Hard money loans are a common way to finance a real estate project. In many cases, these loans can be used to purchase properties that banks will not finance due to their riskier nature. However, if you default on one of these loans, there will be consequences. This article looks at the repercussions of defaulting on a hard money loan and how they differ from other types of financing options.
You can lose your property
If you can’t make the payments on a hard money loan, the lender has the right to take possession of the property that serves as collateral for the loan. This means you could lose your home or business if you can’t come up with the cash to pay off your debt.
You are likely to face legal action
Hard money lenders are often more aggressive than traditional banks when it comes to collecting on loans. If you don’t repay your loan, the lender will likely take legal action to recover your losses. This could lead to wage garnishment, asset seizure, and even bankruptcy.
Your credit will suffer
A hard money loan is a short-term, high-interest loan. This means that if you can’t make your payments, you’ll end up with high-interest debt that will hurt your credit score.

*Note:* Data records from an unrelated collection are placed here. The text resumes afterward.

(* The decision problem Maximum Matching cannot be expressed by an ESO universal Horn sentence, even assuming that the input structures come with a successor relation.
   Context: Maximum Matching: given a finite undirected graph $G=(V,E)$ with no self-loops and at most one edge between any pair of vertices, together with a non-negative integer $K$ (part of the input, varying from instance to instance, with $K \le |V|$), decide whether there is a matching $F \subseteq E$ (a set of pairwise vertex-disjoint edges) with $|F| \ge K$. Instances are given as finite structures over an input vocabulary containing the edge relation, a representation of $K$, and a successor relation (the successor relation of a linear order on the universe). ESO universal Horn logic consists of sentences $\exists S_1 \cdots \exists S_m\, \forall \bar{x}\, \psi$, with $S_i$ second-order relation variables and $\psi$ a quantifier-free conjunction of clauses, each containing at most one positive occurrence of an atom built from the quantified relations $S_i$ (literals over the input vocabulary are unrestricted). A problem is expressed by such a sentence if an input structure is a yes-instance exactly when it satisfies the sentence. *)

theory Defs
  imports Main
begin

text \<open>Finite input structures over the vocabulary (E, Succ, Kr): the universe is
  {0..<univ_size}; E is the edge relation, Succ the successor relation, and K is
  represented by a unary relation Kr whose cardinality is K.\<close>

record input_struct =
  univ_size :: nat
  edge :: "nat \<Rightarrow> nat \<Rightarrow> bool"
  succ :: "nat \<Rightarrow> nat \<Rightarrow> bool"
  kset :: "nat set"

definition is_successor_on :: "nat \<Rightarrow> (nat \<Rightarrow> nat \<Rightarrow> bool) \<Rightarrow> bool" where
  "is_successor_on n S \<longleftrightarrow>
     (\<exists>p. bij_betw p {0..<n} {0..<n} \<and>
          (\<forall>x y. S x y \<longleftrightarrow> (x < n \<and> y < n \<and> p y = Suc (p x))))"

definition valid_instance :: "input_struct \<Rightarrow> bool" where
  "valid_instance A \<longleftrightarrow>
     univ_size A > 0 \<and>
     (\<forall>x y. edge A x y \<longrightarrow> x < univ_size A \<and> y < univ_size A) \<and>
     (\<forall>x y. edge A x y \<longrightarrow> edge A y x) \<and>
     (\<forall>x. \<not> edge A x x) \<and>
     is_successor_on (univ_size A) (succ A) \<and>
     kset A \<subseteq> {0..<univ_size A}"

definition K_of :: "input_struct \<Rightarrow> nat" where
  "K_of A = card (kset A)"

definition is_matching :: "input_struct \<Rightarrow> nat set set \<Rightarrow> bool" where
  "is_matching A F \<longleftrightarrow>
     (\<forall>e\<in>F. \<exists>u v. e = {u, v} \<and> edge A u v) \<and>
     (\<forall>e\<in>F. \<forall>e'\<in>F. e \<noteq> e' \<longrightarrow> e \<inter> e' = {})"

definition max_matching_yes :: "input_struct \<Rightarrow> bool" where
  "max_matching_yes A \<longleftrightarrow> (\<exists>F. is_matching A F \<and> card F \<ge> K_of A)"

datatype atom =
    AE nat nat
  | ASucc nat nat
  | AK nat
  | AEq nat nat
  | AS nat "nat list"

datatype lit = Pos atom | Neg atom

type_synonym clause = "lit list"

text \<open>A sentence \<open>\<exists>S_0..S_{m-1} \<forall>x. \<psi>\<close>: rel_arities of S_0..S_{m-1} and the clauses of \<psi>.\<close>
record eso_horn =
  rel_arities :: "nat list"
  matrix :: "clause list"

fun is_so_atom :: "atom \<Rightarrow> bool" where
  "is_so_atom (AS _ _) = True"
| "is_so_atom _ = False"

fun is_pos_so_lit :: "lit \<Rightarrow> bool" where
  "is_pos_so_lit (Pos a) = is_so_atom a"
| "is_pos_so_lit (Neg _) = False"

fun atom_wf :: "nat list \<Rightarrow> atom \<Rightarrow> bool" where
  "atom_wf ar (AS i xs) \<longleftrightarrow> i < length ar \<and> length xs = ar ! i"
| "atom_wf ar _ \<longleftrightarrow> True"

fun lit_atom :: "lit \<Rightarrow> atom" where
  "lit_atom (Pos a) = a"
| "lit_atom (Neg a) = a"

definition wf_horn :: "eso_horn \<Rightarrow> bool" where
  "wf_horn \<phi> \<longleftrightarrow>
     (\<forall>c\<in>set (matrix \<phi>).
        (\<forall>l\<in>set c. atom_wf (rel_arities \<phi>) (lit_atom l)) \<and>
        length (filter is_pos_so_lit c) \<le> 1)"

fun atom_holds :: "input_struct \<Rightarrow> (nat \<Rightarrow> nat list set) \<Rightarrow> (nat \<Rightarrow> nat) \<Rightarrow> atom \<Rightarrow> bool" where
  "atom_holds A R v (AE x y) = edge A (v x) (v y)"
| "atom_holds A R v (ASucc x y) = succ A (v x) (v y)"
| "atom_holds A R v (AK x) = (v x \<in> kset A)"
| "atom_holds A R v (AEq x y) = (v x = v y)"
| "atom_holds A R v (AS i xs) = (map v xs \<in> R i)"

fun lit_holds :: "input_struct \<Rightarrow> (nat \<Rightarrow> nat list set) \<Rightarrow> (nat \<Rightarrow> nat) \<Rightarrow> lit \<Rightarrow> bool" where
  "lit_holds A R v (Pos a) = atom_holds A R v a"
| "lit_holds A R v (Neg a) = (\<not> atom_holds A R v a)"

definition sat_horn :: "input_struct \<Rightarrow> eso_horn \<Rightarrow> bool" where
  "sat_horn A \<phi> \<longleftrightarrow>
     (\<exists>R. (\<forall>i < length (rel_arities \<phi>).
             R i \<subseteq> {xs. length xs = rel_arities \<phi> ! i \<and> set xs \<subseteq> {0..<univ_size A}}) \<and>
          (\<forall>v. (\<forall>x. v x < univ_size A) \<longrightarrow>
               (\<forall>c\<in>set (matrix \<phi>). \<exists>l\<in>set c. lit_holds A R v l)))"

definition expresses :: "eso_horn \<Rightarrow> (input_struct \<Rightarrow> bool) \<Rightarrow> bool" where
  "expresses \<phi> P \<longleftrightarrow> (\<forall>A. valid_instance A \<longrightarrow> (sat_horn A \<phi> \<longleftrightarrow> P A))"

end

theory Submission
  imports Defs
begin

text \<open>An ESO universal sentence is preserved under induced substructures: pull the witnessing
  relations back along the embedding, and every assignment into the substructure becomes one into
  the big structure. A single edge with K = 1 has a matching of size 1, but its substructure on one
  vertex, which is again an instance with a successor relation, has none. So Maximum Matching is
  not closed under substructures, and no such sentence, Horn or not, can express it.\<close>

definition is_embedding :: "(nat \<Rightarrow> nat) \<Rightarrow> input_struct \<Rightarrow> input_struct \<Rightarrow> bool" where
  "is_embedding f B A \<longleftrightarrow>
     inj_on f {0..<univ_size B} \<and>
     (\<forall>x < univ_size B. f x < univ_size A) \<and>
     (\<forall>x < univ_size B. \<forall>y < univ_size B.
        (edge B x y \<longleftrightarrow> edge A (f x) (f y)) \<and> (succ B x y \<longleftrightarrow> succ A (f x) (f y))) \<and>
     (\<forall>x < univ_size B. x \<in> kset B \<longleftrightarrow> f x \<in> kset A)"

lemma atom_holds_embedding:
  assumes f: "is_embedding f B A" and v: "\<forall>x. v x < univ_size B"
  shows "atom_holds B (\<lambda>i. {xs. set xs \<subseteq> {0..<univ_size B} \<and> map f xs \<in> R i}) v a
         \<longleftrightarrow> atom_holds A R (f \<circ> v) a"
proof (cases a)
  case (AEq x y)
  have "v x \<in> {0..<univ_size B}" "v y \<in> {0..<univ_size B}" using v by auto
  then show ?thesis
    using f AEq unfolding is_embedding_def by (auto dest: inj_onD)
qed (use f v in \<open>auto simp: is_embedding_def\<close>)

lemma sat_horn_embedding:
  assumes f: "is_embedding f B A" and sat: "sat_horn A \<phi>"
  shows "sat_horn B \<phi>"
proof -
  from sat obtain R where
    R_arity: "\<forall>i < length (rel_arities \<phi>).
       R i \<subseteq> {xs. length xs = rel_arities \<phi> ! i \<and> set xs \<subseteq> {0..<univ_size A}}" and
    R_models: "\<forall>v. (\<forall>x. v x < univ_size A) \<longrightarrow>
       (\<forall>c\<in>set (matrix \<phi>). \<exists>l\<in>set c. lit_holds A R v l)"
    unfolding sat_horn_def by blast
  define R' where "R' = (\<lambda>i. {xs. set xs \<subseteq> {0..<univ_size B} \<and> map f xs \<in> R i})"
  have "R' i \<subseteq> {xs. length xs = rel_arities \<phi> ! i \<and> set xs \<subseteq> {0..<univ_size B}}"
    if "i < length (rel_arities \<phi>)" for i
    using R_arity that unfolding R'_def by fastforce
  moreover have "\<forall>c\<in>set (matrix \<phi>). \<exists>l\<in>set c. lit_holds B R' v l"
    if v: "\<forall>x. v x < univ_size B" for v
  proof -
    have "\<forall>x. (f \<circ> v) x < univ_size A"
      using f v unfolding is_embedding_def by simp
    with R_models have "\<forall>c\<in>set (matrix \<phi>). \<exists>l\<in>set c. lit_holds A R (f \<circ> v) l"
      by blast
    moreover have "lit_holds B R' v l \<longleftrightarrow> lit_holds A R (f \<circ> v) l" for l
      using atom_holds_embedding[OF f v] unfolding R'_def by (cases l) simp_all
    ultimately show ?thesis by simp
  qed
  ultimately show ?thesis
    unfolding sat_horn_def by blast
qed

lemma expresses_closed_under_embedding:
  assumes "expresses \<phi> P" "valid_instance A" "valid_instance B" "is_embedding f B A" "P A"
  shows "P B"
  using assms sat_horn_embedding unfolding expresses_def by blast

definition single_edge :: input_struct where
  "single_edge = \<lparr>univ_size = 2, edge = (\<lambda>x y. {x, y} = {0, 1}),
                  succ = (\<lambda>x y. x = 0 \<and> y = 1), kset = {0}\<rparr>"

definition single_vertex :: input_struct where
  "single_vertex = \<lparr>univ_size = 1, edge = (\<lambda>x y. False), succ = (\<lambda>x y. False), kset = {0}\<rparr>"

lemma valid_instance_single_edge: "valid_instance single_edge"
  unfolding valid_instance_def single_edge_def is_successor_on_def
  by (auto intro!: exI[of _ id] simp: doubleton_eq_iff)

lemma valid_instance_single_vertex: "valid_instance single_vertex"
  unfolding valid_instance_def single_vertex_def is_successor_on_def
  by (auto intro!: exI[of _ id])

lemma is_embedding_single_vertex: "is_embedding id single_vertex single_edge"
  unfolding is_embedding_def single_vertex_def single_edge_def by auto

lemma max_matching_yes_single_edge: "max_matching_yes single_edge"
  unfolding max_matching_yes_def K_of_def is_matching_def single_edge_def
  by (intro exI[of _ "{{0, 1}}"]) auto

lemma not_max_matching_yes_single_vertex: "\<not> max_matching_yes single_vertex"
proof
  assume "max_matching_yes single_vertex"
  then obtain F where "is_matching single_vertex F" "card F \<ge> K_of single_vertex"
    unfolding max_matching_yes_def by blast
  moreover have "K_of single_vertex = 1"
    unfolding K_of_def single_vertex_def by simp
  ultimately have "F \<noteq> {}" "is_matching single_vertex F" by auto
  then show False
    unfolding is_matching_def single_vertex_def by auto
qed

theorem lemma1:
  shows "\<not> (\<exists>\<phi>. wf_horn \<phi> \<and> expresses \<phi> max_matching_yes)"
proof
  assume "\<exists>\<phi>. wf_horn \<phi> \<and> expresses \<phi> max_matching_yes"
  then obtain \<phi> where "expresses \<phi> max_matching_yes" by blast
  then have "max_matching_yes single_vertex"
    using expresses_closed_under_embedding valid_instance_single_edge
      valid_instance_single_vertex is_embedding_single_vertex max_matching_yes_single_edge
    by blast
  with not_max_matching_yes_single_vertex show False ..
qed

end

This could affect your ability to get loans in the future and may even prevent you from renting an apartment or buying a car.
You will miss out on a key investment opportunity
Hard money loan financing is expensive. If you can’t pay your debt, it will represent a significant loss of potential income that could have been used to grow your business or fund future investments.
You can lose your capital
When you take out a hard money loan, you are usually required to put up some form of collateral. If you can’t make your payments, the lender has the right to sell that collateral to recoup its losses. This could mean losing all or part of the equity you have built up in your property.
You will end up in a stressful situation
If you default on your hard money loan, things are likely to get very stressful. You may be facing legal action that requires the hiring of an attorney and could lead to bankruptcy or foreclosure of your property.
That’s why it’s so important for borrowers to make their payments on time; if they cannot do this, there will be significant consequences in the future.
You may need hard money loans again in the future
The repercussions of not making payments on time with a hard money lender may prevent you from obtaining loans in the future. This means that even if you manage to save enough capital for another project, borrowing funds can become extremely difficult without a good credit history and high income levels.
It can ruin your business relationship with the lender
If you have a good relationship with your hard money lender, it may be possible to work out a payment plan that allows you to avoid some or all of the consequences listed above. However, if you don’t pay your debt as agreed, you could ruin this relationship and make it difficult for them to borrow money in the future.
As you can see, there are several consequences to defaulting on a loan, paying on time will help you avoid all of these unfortunate outcomes and save your business.